Neuhaus, Richard John

Last Updated: May-10-2003
Annotated by:
Coulehan, Jack

Primary Category: Literature / Nonfiction

Genre: Memoir

Summary:

The subtitle of this memoir is "Meditations upon Returning." Richard John Neuhaus is a Catholic priest and scholar, director of the Institute on Religion in Contemporary Life in New York City and described on the book cover as "one of the foremost authorities on religion in the contemporary world." The book is a meditation on his near-brush with death as a result of colon cancer.

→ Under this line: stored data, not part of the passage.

lemma fence_red_eq_image:
  "fence_red a b
     = (\<lambda>(i, j). {fence_vertex a b i, fence_vertex a b j}) ` {(i, j). fence_red_arc i j}"
proof -
  have "{(i, j). fence_red_arc i j} = {(0, 6), (1, 7), (2, 8), (3, 9), (4, 10), (5, 11),
      (0, 7), (1, 8), (2, 9), (3, 10), (4, 11)}"
    by (auto simp: fence_red_arc_def less_Suc_eq eval_nat_numeral)
  then show ?thesis
    unfolding fence_red_def setcompr_1_to_5 setcompr_1_to_6
    by (simp add: fence_vertex_def insert_commute eval_nat_numeral)
qed

lemma fence_verts_eq_image: "fence_verts a b = fence_vertex a b ` {0..<12}"
proof -
  have split: "{0..<12} = {..<6} \<union> (\<lambda>i. i + 6) ` {..<6::nat}"
    by (auto simp: lessThan_atLeast0)
  have low: "fence_vertex a b ` {..<6} = a ` Suc ` {..<6}"
    unfolding image_image by (rule image_cong) (simp_all add: fence_vertex_def)
  have high: "fence_vertex a b ` (\<lambda>i. i + 6) ` {..<6} = b ` Suc ` {..<6}"
    unfolding image_image by (rule image_cong) (simp_all add: fence_vertex_def)
  show ?thesis
    unfolding fence_verts_def split image_Un low high image_Suc_lessThan ..
qed

lemma inj_on_fence_vertex:
  assumes a: "inj_on a {1..6}" and b: "inj_on b {1..6}" and ab: "a ` {1..6} \<inter> b ` {1..6} = {}"
  shows "inj_on (fence_vertex a b) {0..<12}"
proof (rule inj_onI)
  fix i j assume "i \<in> {0..<12}" "j \<in> {0..<12}" and eq: "fence_vertex a b i = fence_vertex a b j"
  then have low: "k < 6 \<Longrightarrow> k + 1 \<in> {1..6}" and high: "\<not> k < 6 \<Longrightarrow> k - 5 \<in> {1..6}"
    if "k \<in> {i, j}" for k
    using that by auto
  show "i = j"
  proof (cases "i < 6"; cases "j < 6")
    assume "i < 6" "j < 6"
    then have "a (i + 1) = a (j + 1)" using eq by (simp add: fence_vertex_def)
    then have "i + 1 = j + 1"
      by (rule inj_onD[OF a]) (use low \<open>i < 6\<close> \<open>j < 6\<close> in simp_all)
    then show ?thesis by simp
  next
    assume "i < 6" "\<not> j < 6"
    then have "a (i + 1) = b (j - 5)" using eq by (simp add: fence_vertex_def)
    moreover have "a (i + 1) \<in> a ` {1..6}" "b (j - 5) \<in> b ` {1..6}"
      using low[of i] high[of j] \<open>i < 6\<close> \<open>\<not> j < 6\<close> by (intro imageI; simp)+
    ultimately show ?thesis using ab by (metis IntI empty_iff)
  next
    assume "\<not> i < 6" "j < 6"
    then have "b (i - 5) = a (j + 1)" using eq by (simp add: fence_vertex_def)
    moreover have "b (i - 5) \<in> b ` {1..6}" "a (j + 1) \<in> a ` {1..6}"
      using high[of i] low[of j] \<open>\<not> i < 6\<close> \<open>j < 6\<close> by (intro imageI; simp)+
    ultimately show ?thesis using ab by (metis IntI empty_iff)
  next
    assume "\<not> i < 6" "\<not> j < 6"
    then have "b (i - 5) = b (j - 5)" using eq by (simp add: fence_vertex_def)
    then have "i - 5 = j - 5"
      by (rule inj_onD[OF b]) (use high \<open>\<not> i < 6\<close> \<open>\<not> j < 6\<close> in simp_all)
    then show ?thesis using \<open>\<not> i < 6\<close> \<open>\<not> j < 6\<close> by simp
  qed
qed

lemma doubleton_mem_image_iff:
  assumes "inj_on f D" and "i \<in> D" and "j \<in> D" and "\<forall>(k, l)\<in>P. k \<in> D \<and> l \<in> D"
  shows "{f i, f j} \<in> (\<lambda>(k, l). {f k, f l}) ` P \<longleftrightarrow> (i, j) \<in> P \<or> (j, i) \<in> P"
proof
  assume "{f i, f j} \<in> (\<lambda>(k, l). {f k, f l}) ` P"
  then obtain k l where "(k, l) \<in> P" and "{f i, f j} = {f k, f l}" by auto
  moreover have "k \<in> D" "l \<in> D" using \<open>(k, l) \<in> P\<close> assms(4) by auto
  ultimately show "(i, j) \<in> P \<or> (j, i) \<in> P"
    using assms(1-3) by (auto simp: doubleton_eq_iff dest: inj_onD)
next
  assume "(i, j) \<in> P \<or> (j, i) \<in> P"
  then show "{f i, f j} \<in> (\<lambda>(k, l). {f k, f l}) ` P"
    by (auto simp: image_iff insert_commute)
qed

definition fence_black_index :: "nat \<Rightarrow> nat \<Rightarrow> bool" where
  "fence_black_index i j \<longleftrightarrow> fence_black_arc i j \<or> fence_black_arc j i"

definition fence_red_index :: "nat \<Rightarrow> nat \<Rightarrow> bool" where
  "fence_red_index i j \<longleftrightarrow> fence_red_arc i j \<or> fence_red_arc j i"

definition red_bags :: "nat list \<Rightarrow> nat list \<Rightarrow> bool" where
  "red_bags c d \<longleftrightarrow> \<not> (\<forall>i\<in>set c. \<forall>j\<in>set d. fence_black_index i j)
     \<and> \<not> (\<forall>i\<in>set c. \<forall>j\<in>set d. \<not> fence_black_index i j \<and> \<not> fence_red_index i j)"

definition mixed_bag :: "nat list \<Rightarrow> bool" where
  "mixed_bag c \<longleftrightarrow> (\<exists>i\<in>set c. i < 6) \<and> (\<exists>i\<in>set c. 6 \<le> i)"

text \<open>A state lists the surviving fence vertices by index, together with the bag of indices
  merged into each of them.\<close>

type_synonym bag_state = "nat list \<times> (nat \<Rightarrow> nat list)"

text \<open>The red neighbours of bag i are other bags and, if the bag is mixed, the vertex s;
  s itself may gain one red edge, to the only mixed bag.\<close>

fun bag_state_ok :: "bag_state \<Rightarrow> bool" where
  "bag_state_ok (reps, bag) \<longleftrightarrow>
     (\<forall>i\<in>set reps. i < 12 \<and> bag i \<noteq> [] \<and> (\<forall>k\<in>set (bag i). k < 12))
     \<and> length (filter (\<lambda>i. mixed_bag (bag i)) reps) \<le> 1
     \<and> (\<forall>i\<in>set reps. length (filter (\<lambda>j. j \<noteq> i \<and> red_bags (bag i) (bag j)) reps)
                      + (if mixed_bag (bag i) then 1 else 0) \<le> 4)"

fun merge_bags :: "bag_state \<Rightarrow> nat \<times> nat \<Rightarrow> bag_state" where
  "merge_bags (reps, bag) (i, j) = (removeAll j reps, bag(i := bag i @ bag j))"

fun valid_merge :: "bag_state \<Rightarrow> nat \<times> nat \<Rightarrow> bool" where
  "valid_merge (reps, bag) (i, j) \<longleftrightarrow> i \<in> set reps \<and> j \<in> set reps \<and> i \<noteq> j"

fun merge_states :: "bag_state \<Rightarrow> (nat \<times> nat) list \<Rightarrow> bag_state list" where
  "merge_states st [] = [st]"
| "merge_states st (m # ms) = st # merge_states (merge_bags st m) ms"

fun valid_merges :: "bag_state \<Rightarrow> (nat \<times> nat) list \<Rightarrow> bool" where
  "valid_merges st [] \<longleftrightarrow> True"
| "valid_merges st (m # ms) \<longleftrightarrow> valid_merge st m \<and> valid_merges (merge_bags st m) ms"

lemma hd_merge_states [simp]: "hd (merge_states st ms) = st"
  by (cases ms) simp_all

lemma merge_states_not_Nil [simp]: "merge_states st ms \<noteq> []"
  by (cases ms) simp_all

definition singleton_bags :: bag_state where
  "singleton_bags = ([0..<12], \<lambda>i. [i])"

text \<open>In the names of the paper: a1 b1, b2 b3, a2 a3, b2 b4, a2 a4, b2 b5, a1 a5, a2 a6, b2 b6,
  a1 a2, a1 b2.\<close>

definition fence_merges :: "(nat \<times> nat) list" where
  "fence_merges = [(0, 6), (7, 8), (1, 2), (7, 9), (1, 3), (7, 10), (0, 4), (1, 5), (7, 11), (0, 1), (0, 7)]"

lemma valid_fence_merges: "valid_merges singleton_bags fence_merges"
  by code_simp

lemma fence_merge_states_ok: "\<forall>st\<in>set (merge_states singleton_bags fence_merges). bag_state_ok st"
  by code_simp

lemma last_fence_merge_state:
  "fst (last (merge_states singleton_bags fence_merges)) = [0]
   \<and> set (snd (last (merge_states singleton_bags fence_merges)) 0) = {0..<12}"
  by code_simp

lemma card_image_filter_le: "card (f ` {x \<in> set xs. P x}) \<le> length (filter P xs)"
proof -
  have "card (f ` {x \<in> set xs. P x}) \<le> card (set (filter P xs))"
    by (metis card_image_le finite_set set_filter)
  also have "\<dots> \<le> length (filter P xs)" by (rule card_length)
  finally show ?thesis .
qed

section \<open>Contracting an attached fence\<close>

locale attached_fence =
  fixes H :: "'v trigraph" and a b :: "nat \<Rightarrow> 'v" and s :: 'v
  assumes trigraph: "trigraph H"
    and fence: "contains_fence H a b"
    and attached: "attached H a b {s}"
    and attachment: "attachment_rule H a b {s}"
begin

abbreviation fv :: "nat \<Rightarrow> 'v" where "fv \<equiv> fence_vertex a b"

abbreviation F :: "'v set" where "F \<equiv> fence_verts a b"

lemma inj_fv: "inj_on fv {0..<12}"
  using fence inj_on_fence_vertex unfolding contains_fence_def by blast

lemma F_eq_image: "F = fv ` {0..<12}"
  by (rule fence_verts_eq_image)

lemma F_subset: "F \<subseteq> verts H"
  using fence unfolding contains_fence_def by blast

lemma s_outside: "s \<in> verts H - F"
  using attached unfolding attached_def by blast

lemma fv_in_F: "i < 12 \<Longrightarrow> fv i \<in> F"
  by (simp add: F_eq_image)

lemma fv_eq_iff: "i < 12 \<Longrightarrow> j < 12 \<Longrightarrow> fv i = fv j \<longleftrightarrow> i = j"
  using inj_fv by (auto dest: inj_onD)

lemma black_fv_iff:
  assumes "i < 12" "j < 12"
  shows "{fv i, fv j} \<in> black H \<longleftrightarrow> fence_black_index i j"
proof (cases "i = j")
  case True
  then show ?thesis
    using trigraph_edge_distinct[OF trigraph, of "fv i" "fv j"]
    by (auto simp: adjacent_def fence_black_index_def fence_black_arc_def)
next
  case False
  then have "{fv i, fv j} \<in> black H \<longleftrightarrow> {fv i, fv j} \<in> fence_black a b"
    using fence fv_in_F assms fv_eq_iff unfolding contains_fence_def by blast
  also have "\<dots> \<longleftrightarrow> fence_black_index i j"
    unfolding fence_black_eq_image fence_black_index_def
    by (subst doubleton_mem_image_iff[OF inj_fv]) (use assms in \<open>auto simp: fence_black_arc_def\<close>)
  finally show ?thesis .
qed

lemma red_fv_iff:
  assumes "i < 12" "j < 12"
  shows "{fv i, fv j} \<in> red H \<longleftrightarrow> fence_red_index i j"
proof (cases "i = j")
  case True
  then show ?thesis
    using trigraph_edge_distinct[OF trigraph, of "fv i" "fv j"]
    by (auto simp: adjacent_def fence_red_index_def fence_red_arc_def)
next
  case False
  then have "{fv i, fv j} \<in> red H \<longleftrightarrow> {fv i, fv j} \<in> fence_red a b"
    using fence fv_in_F assms fv_eq_iff unfolding contains_fence_def by blast
  also have "\<dots> \<longleftrightarrow> fence_red_index i j"
    unfolding fence_red_eq_image fence_red_index_def
    by (subst doubleton_mem_image_iff[OF inj_fv]) (use assms in \<open>auto simp: fence_red_arc_def\<close>)
  finally show ?thesis .
qed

As Fr. Neuhaus describes it, he underwent two colonoscopies to ascertain the cause of persistent abdominal symptoms, but in both cases his colon was pronounced completely normal. However, shortly thereafter, he developed extreme abdominal pain and was taken to the hospital, where emergency surgery was performed and a colon cancer the size of a "big apple" was removed. During the first procedure, the surgeon nicked his patient’s spleen, so a second emergent procedure was required to control hemorrhaging.

The two procedures left Fr. Neuhaus very near death, but he gradually recovered over a period of several months. When introducing the story of his illness, the author comments, "several lawyers have told me my case would make a terrific malpractice suit." (p. 79) But he says he won’t sue, because it would "somehow sully my gratitude for being returned from the jaws of death." (p. 80) In fact, he has considerable praise for his surgeon.

The narrative of Fr. Neuhaus’s illness occupies a relatively small proportion of this memoir. The first three of seven chapters consist of the author’s reflections on the meaning of suffering and death, and especially the existential question of "Why me, now?" (His answer is "Why not?) In chapter five Fr. Neuhaus describes a near-death experience that changed his life, a scene in which he heard two "presences" tell him, "Everything is ready now." In much of the rest of the book, the author examines and rejects the possibility that the experience was a dream or an hallucination. He is convinced that he witnessed the "door" to a more glorious life after death, and this has, in some sense, profoundly changed his present life.